Drum shuddered. Now he was sorry he had asked. A tied-off oesophagus could be corrected by a friendly Tinker. What could a poor warrior do about a defective enzyme system if he wanted to quit his job? Nothing.

‘Here is a copy of the traits we hope to program into the genes of our warrior,’ said Wandee, handing him a clipboard.

Drum glanced at the list. ‘Sounds good, but will it walk?’

‘Walk, run, swim – and fight,’ said Wandee.

Drum was sceptical.

‘How can you be so sure? Just a couple of years ago your Spinner couldn’t construct a gene map for a simple marine protozoan. Now you think you can spin us a superman?’

The clipboard was passed around the table. The battle gear it listed was very impressive: heavy bone and muscle, a fast reflex time, high pain threshold, potent nerve-endocrine axis. None of the committee members really understood details of gene spinning. Wandee wanted to quiet Drum’s objections without exposing the other complacent Nebishes at the table to a lot of new terms that might disturb them. Drum had an exceptional grasp of matters beyond his specialty, and more – he had an open mind. He was a Leo.

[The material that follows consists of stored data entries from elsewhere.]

(* Let $k\geq 2$ and let $G$ be a graph of order $n\geq 11k-4$ that does not contain $k\cdot P_3$ as a subgraph. Then $\lambda_n(G)\geq -\sqrt{(k-1)(n-k+1)}$, with equality if and only if $G=K_{k-1,n-k+1}$.
   Context: Graphs are finite and simple; $\lambda_n(G)$ denotes the least eigenvalue of the adjacency matrix of $G$. $P_3$ is the path on 3 vertices and $k\cdot P_3$ is the disjoint union of $k$ copies of $P_3$. $K_{a,b}$ is the complete bipartite graph with parts of sizes $a$ and $b$. *)

theory Defs
  imports "HOL-Analysis.Analysis"
begin

definition simple_graph :: "('a \<Rightarrow> 'a \<Rightarrow> bool) \<Rightarrow> bool" where
  "simple_graph E \<longleftrightarrow> (\<forall>x y. E x y \<longrightarrow> E y x) \<and> (\<forall>x. \<not> E x x)"

definition adj_matrix :: "('a::finite \<Rightarrow> 'a \<Rightarrow> bool) \<Rightarrow> real^'a^'a" where
  "adj_matrix E = (\<chi> i j. if E i j then 1 else 0)"

definition is_eigenvalue :: "real^'n^'n \<Rightarrow> real \<Rightarrow> bool" where
  "is_eigenvalue A \<mu> \<longleftrightarrow> (\<exists>v. v \<noteq> 0 \<and> A *v v = \<mu> *\<^sub>R v)"

definition least_eig :: "('a::finite \<Rightarrow> 'a \<Rightarrow> bool) \<Rightarrow> real" where
  "least_eig E = Min {\<mu>. is_eigenvalue (adj_matrix E) \<mu>}"

definition contains_kP3 :: "('a \<Rightarrow> 'a \<Rightarrow> bool) \<Rightarrow> nat \<Rightarrow> bool" where
  "contains_kP3 E k \<longleftrightarrow> (\<exists>f :: nat \<times> nat \<Rightarrow> 'a.
     inj_on f ({0..<k} \<times> {0..<3}) \<and>
     (\<forall>i<k. E (f (i,0)) (f (i,1)) \<and> E (f (i,1)) (f (i,2))))"

definition Kab_edge :: "nat \<Rightarrow> nat \<Rightarrow> nat \<Rightarrow> nat \<Rightarrow> bool" where
  "Kab_edge a b x y \<longleftrightarrow> x < a + b \<and> y < a + b \<and> ((x < a) \<noteq> (y < a))"

definition is_Kab :: "('a \<Rightarrow> 'a \<Rightarrow> bool) \<Rightarrow> nat \<Rightarrow> nat \<Rightarrow> bool" where
  "is_Kab E a b \<longleftrightarrow> (\<exists>f. bij_betw f (UNIV :: 'a set) {0..<a+b} \<and>
      (\<forall>x y. E x y \<longleftrightarrow> Kab_edge a b (f x) (f y)))"

end

theory Submission
  imports Defs
begin

text \<open>
  Let \<open>x\<close> be an eigenvector for an eigenvalue \<open>\<lambda>\<close> and split the vertices by the sign of \<open>x\<close>.
  Edges inside the positive or the negative part contribute nonnegatively to \<open>x\<^sup>T A x\<close>, and by
  Cauchy-Schwarz and AM-GM the \<open>m\<close> edges between the parts contribute at least
  \<open>-sqrt m |x|\<^sup>2\<close>; hence \<open>\<lambda> \<ge> -sqrt m\<close>. These \<open>m\<close> edges form a bipartite graph without
  \<open>k P\<^sub>3\<close>, and for \<open>n \<ge> 11k - 4\<close> such a graph has at most \<open>(k-1)(n-k+1)\<close> edges: by induction
  on \<open>k\<close>, either a vertex of degree \<open>\<ge> 3k + 2\<close> can be deleted, or all degrees are small and a
  maximal packing of paths leaves only a matching outside it.

  In the case of equality every estimate is tight: all edges join the two parts, every positive
  vertex is adjacent to every negative one, and since a complete bipartite graph with parts of
  sizes at least \<open>k\<close> and \<open>2k\<close> contains \<open>k P\<^sub>3\<close>, the part sizes must be \<open>k - 1\<close> and \<open>n - k + 1\<close>.
\<close>

section \<open>Packings of paths of length two\<close>

definition degree_in :: "'a set \<Rightarrow> ('a \<Rightarrow> 'a \<Rightarrow> bool) \<Rightarrow> 'a \<Rightarrow> nat" where
  "degree_in V H u = card {w \<in> V. H u w}"

definition packing_vertices :: "nat \<Rightarrow> (nat \<times> nat \<Rightarrow> 'a) \<Rightarrow> 'a set" where
  "packing_vertices j f = f ` ({0..<j} \<times> {0..<3})"

definition P3_packing :: "'a set \<Rightarrow> ('a \<Rightarrow> 'a \<Rightarrow> bool) \<Rightarrow> nat \<Rightarrow> (nat \<times> nat \<Rightarrow> 'a) \<Rightarrow> bool" where
  "P3_packing V H j f \<longleftrightarrow> inj_on f ({0..<j} \<times> {0..<3}) \<and> packing_vertices j f \<subseteq> V \<and>
     (\<forall>i<j. H (f (i,0)) (f (i,1)) \<and> H (f (i,1)) (f (i,2)))"

lemma contains_kP3_iff_P3_packing: "contains_kP3 E k \<longleftrightarrow> (\<exists>f. P3_packing UNIV E k f)"
  unfolding contains_kP3_def P3_packing_def by simp

lemma P3_packing_mono: "P3_packing V H j f \<Longrightarrow> V \<subseteq> W \<Longrightarrow> P3_packing W H j f"
  unfolding P3_packing_def by blast

lemma P3_packing_subgraph:
  "P3_packing V H k f \<Longrightarrow> (\<And>u v. H u v \<Longrightarrow> E u v) \<Longrightarrow> P3_packing V E k f"
  unfolding P3_packing_def by blast

lemma P3_packing_0: "P3_packing V H 0 f"
  unfolding P3_packing_def packing_vertices_def by simp

lemma finite_packing_vertices: "finite (packing_vertices j f)"
  unfolding packing_vertices_def by simp

lemma card_packing_vertices: "P3_packing V H j f \<Longrightarrow> card (packing_vertices j f) = 3 * j"
  unfolding P3_packing_def packing_vertices_def by (simp add: card_image card_cartesian_product)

‘Growing this prototype warrior is much simpler than the marine biota project. We do not have to build an entirely unknown gene. Human genes have been mapped many times, and about twenty percent of the map is pretty well understood. Enough for us to design certain broad traits we are interested in. We will use the known map of the most primitive human we have on file – Larry Dever – from before the Era of Karl. We still have some of his alpha renal nuclei in Suspension. By using his chromosomes – and deleting what we don’t need – we have relatively few genes to actually assemble.’

‘You are going to assemble a Larry Dever?’ asked Drum.

‘Modified. We’ll grow an Augmented Renal Nucleus Of Larry Dever – an ARNOLD – with the traits listed.’

The chairman had dozed off. He awoke with a start. ‘You two can continue this discussion down in the Spinner Labs. Meeting adjourned.’

7
A.R.N.O.L.D.

Warrior human being
Under Hive control—
Spinner made your genes.
Who made your soul?

Drum marvelled at Wandee’s deft manipulations. The dividing renal cell was spilled into the sorting chamber, filling the screen with X- and V-shaped chromosomes. She selected those to be augmented. Wandee’s electron pencil carved as she talked.